After that, however badly she abused him, Sasuke never cried.
It seems to have worried Shunkin's parents that their daughter, whose blindness had already warped her character, had come to behave quite rudely now that she was teaching Sasuke. Having him as her companion was a mixed blessing. As grateful as they were to him for keeping her in a good humor, it distressed them to think that his habit of yielding to her every whim might gradually make her even more of a problem.
When Sasuke was seventeen his master arrange
d for him to take lessons from Shunsho himself, instead of from Shunkin; no doubt her parents felt that imitating her teacher had had an unhealthy influence on her. And the change decided Sasuke's future career. From then on he was freed from all his shop duties and went to Shunsho's house regularly both as Shunkin's guide and as a fellow pupil.
Nothing could have pleased Sasuke more; and it may be gathered that Yasuzaemon, on his part, worked very hard to persuade Sasuke's parents to consent to the arrangement, assuring them that, having caused their son to abandon his trade, he would guarantee the boy's future. I suppose Yasuzaemon and his wife were already beginning to think that Sasuke would make a good husband for Shunkin. In view of her handicap, they could scarcely hope to marry her to someone of equal social position. Sasuke might be the best possible match for her.
Two years later (when Shunkin was fifteen and Sasuke nineteen) her parents suggested that she consider such a marriage.
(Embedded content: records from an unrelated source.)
(* Assume $K$ is a perfect $A$-field. Let $\Phi$ and $\Psi$ be $\mathbf t$-modules over $K$. Then there is an isomorphism of $\mathbb F_q[t]$-modules $$\operatorname{Ext}^1_\tau(\Phi,\Psi)\cong\operatorname{Ext}^1_\sigma(\Psi^\sigma,\Phi^\sigma).$$
   Context: $A=\mathbb F_q[t]$; $K$ a perfect field of characteristic $p$ with $\mathbb F_q$-algebra map $\iota:A\to K$, $\theta=\iota(t)$. $K\{\tau\}$: twisted polynomials with $\tau x=x^q\tau$; $K\{\sigma\}$: twisted polynomials with $\sigma x=x^{(-1)}\sigma$, where $c^{(-k)}=c^{q^{-k}}$ and $c^{(k)}=c^{q^k}$. A $\mathbf t$-module of dimension $d$ is an $\mathbb F_q$-algebra homomorphism $\Phi:\mathbb F_q[t]\to\mathrm{Mat}_d(K\{\tau\})$ with $\Phi_t=(\theta I+N)+\sum_{i\ge1}M_i\tau^i$, $N$ nilpotent; a $\mathbf t^\sigma$-module is defined identically with $\sigma$ in place of $\tau$. Define $(-)^\sigma:K\{\tau\}\to K\{\sigma\}$ by $(\sum a_i\tau^i)^\sigma=\sum a_i^{(-i)}\sigma^i$, and for a $\mathbf t$-module $\Phi$ of dimension $d$ let $\Phi^\sigma:\mathbb F_q[t]\to\mathrm{Mat}_d(K\{\sigma\})$ be given by $\Phi^\sigma_a=$ the transpose of the matrix obtained by applying $(-)^\sigma$ entrywise to $\Phi_a$ (a $\mathbf t^\sigma$-module). For $\mathbf t$-modules (resp. $\mathbf t^\sigma$-modules) $\Phi$ of dim $d$, $\Psi$ of dim $e$: $\mathrm{Der}(\Phi,\Psi)$ is the space of $\mathbb F_q$-linear $\delta:\mathbb F_q[t]\to\mathrm{Mat}_{e\times d}(K\{\tau\})$ (resp. $K\{\sigma\}$) with $\delta(ab)=\Psi_a\delta(b)+\delta(a)\Phi_b$; inner biderivations are $\delta^{(U)}(a)=U\Phi_a-\Psi_aU$; $\operatorname{Ext}^1_\tau(\Phi,\Psi)$ (resp. $\operatorname{Ext}^1_\sigma(\Phi,\Psi)$) is $\mathrm{Der}(\Phi,\Psi)/\mathrm{Der}_{in}(\Phi,\Psi)$ with $\mathbb F_q[t]$-module structure $a*[\delta]=[\Psi_a\delta]$ (equivalently $[\delta\Phi_a]$); it is the group of extensions of $\Phi$ by $\Psi$ in the respective category. *)

theory Defs
  imports "HOL-Computational_Algebra.Polynomial"
begin

(* Twisted polynomials over K (type 'a) are coefficient sequences nat => 'a
   (with finite support); the twist is an automorphism phi of K:
   (x * tau^i) * (y * tau^j) = x * (phi^^i) y * tau^(i+j). *)

definition frob :: "nat \<Rightarrow> 'a::field \<Rightarrow> 'a" where
  "frob q x = x ^ q"

definition tw_tau :: "nat \<Rightarrow> 'a::field \<Rightarrow> 'a" where
  "tw_tau q = frob q"

definition tw_sigma :: "nat \<Rightarrow> 'a::field \<Rightarrow> 'a" where
  "tw_sigma q = inv (frob q)"

(* F_q inside K and A = F_q[t] as polynomials with coefficients in F_q *)
definition Fq :: "nat \<Rightarrow> 'a::field set" where
  "Fq q = {x. x ^ q = x}"

definition Aq :: "nat \<Rightarrow> 'a::field poly set" where
  "Aq q = {a. \<forall>i. coeff a i \<in> Fq q}"

definition tp_mult :: "('a \<Rightarrow> 'a) \<Rightarrow> (nat \<Rightarrow> 'a::field) \<Rightarrow> (nat \<Rightarrow> 'a) \<Rightarrow> nat \<Rightarrow> 'a" where
  "tp_mult phi f g = (\<lambda>n. \<Sum>i\<le>n. f i * (phi ^^ i) (g (n - i)))"

(* matrices with entries twisted polynomials: M i j n = coefficient of tau^n in entry (i,j) *)
type_synonym 'a tmat = "nat \<Rightarrow> nat \<Rightarrow> nat \<Rightarrow> 'a"

definition is_tmat :: "nat \<Rightarrow> nat \<Rightarrow> 'a::field tmat \<Rightarrow> bool" where
  "is_tmat m k M \<longleftrightarrow> (\<forall>i j. (m \<le> i \<or> k \<le> j) \<longrightarrow> M i j = (\<lambda>_. 0))
                      \<and> (\<forall>i j. finite {n. M i j n \<noteq> 0})"

definition tm_zero :: "'a::field tmat" where
  "tm_zero = (\<lambda>i j n. 0)"

definition tm_id :: "nat \<Rightarrow> 'a::field tmat" where
  "tm_id d = (\<lambda>i j n. if i = j \<and> i < d \<and> n = 0 then 1 else 0)"

definition tm_add :: "'a::field tmat \<Rightarrow> 'a tmat \<Rightarrow> 'a tmat" where
  "tm_add M N = (\<lambda>i j n. M i j n + N i j n)"

definition tm_diff :: "'a::field tmat \<Rightarrow> 'a tmat \<Rightarrow> 'a tmat" where
  "tm_diff M N = (\<lambda>i j n. M i j n - N i j n)"

definition tm_scal :: "'a::field \<Rightarrow> 'a tmat \<Rightarrow> 'a tmat" where
  "tm_scal c M = (\<lambda>i j n. c * M i j n)"

definition tm_mult :: "('a \<Rightarrow> 'a) \<Rightarrow> nat \<Rightarrow> 'a::field tmat \<Rightarrow> 'a tmat \<Rightarrow> 'a tmat" where
  "tm_mult phi k M N = (\<lambda>i j n. \<Sum>l<k. tp_mult phi (M i l) (N l j) n)"

definition km_mult :: "nat \<Rightarrow> (nat \<Rightarrow> nat \<Rightarrow> 'a::field) \<Rightarrow> (nat \<Rightarrow> nat \<Rightarrow> 'a) \<Rightarrow> nat \<Rightarrow> nat \<Rightarrow> 'a" where
  "km_mult d X Y = (\<lambda>i j. \<Sum>l<d. X i l * Y l j)"

fun km_pow :: "nat \<Rightarrow> (nat \<Rightarrow> nat \<Rightarrow> 'a::field) \<Rightarrow> nat \<Rightarrow> nat \<Rightarrow> nat \<Rightarrow> 'a" where
  "km_pow d X 0 = (\<lambda>i j. if i = j then 1 else 0)"
| "km_pow d X (Suc k) = km_mult d X (km_pow d X k)"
To their surprise, she flatly refused. “I don't intend to marry as long as I live,” she announced, looking much displeased; “and I wouldn't dream of having a man like Sasuke.”
However, about another year later her mother noticed a curious change in Shunkin's figure. Surely not! she told herself; but the longer she watched, the more her suspicions seemed to be confirmed. The servants will begin to talk, she thought; we must act quickly if we are to save the situation. But when she asked her daughter about it one day as discreetly as possible, the girl told her she hadn't the faintest idea what she was talking about. Finding it awkward to pursue the matter further, Shunkin's mother let it go for a month or two. By then her daughter's condition was obvious.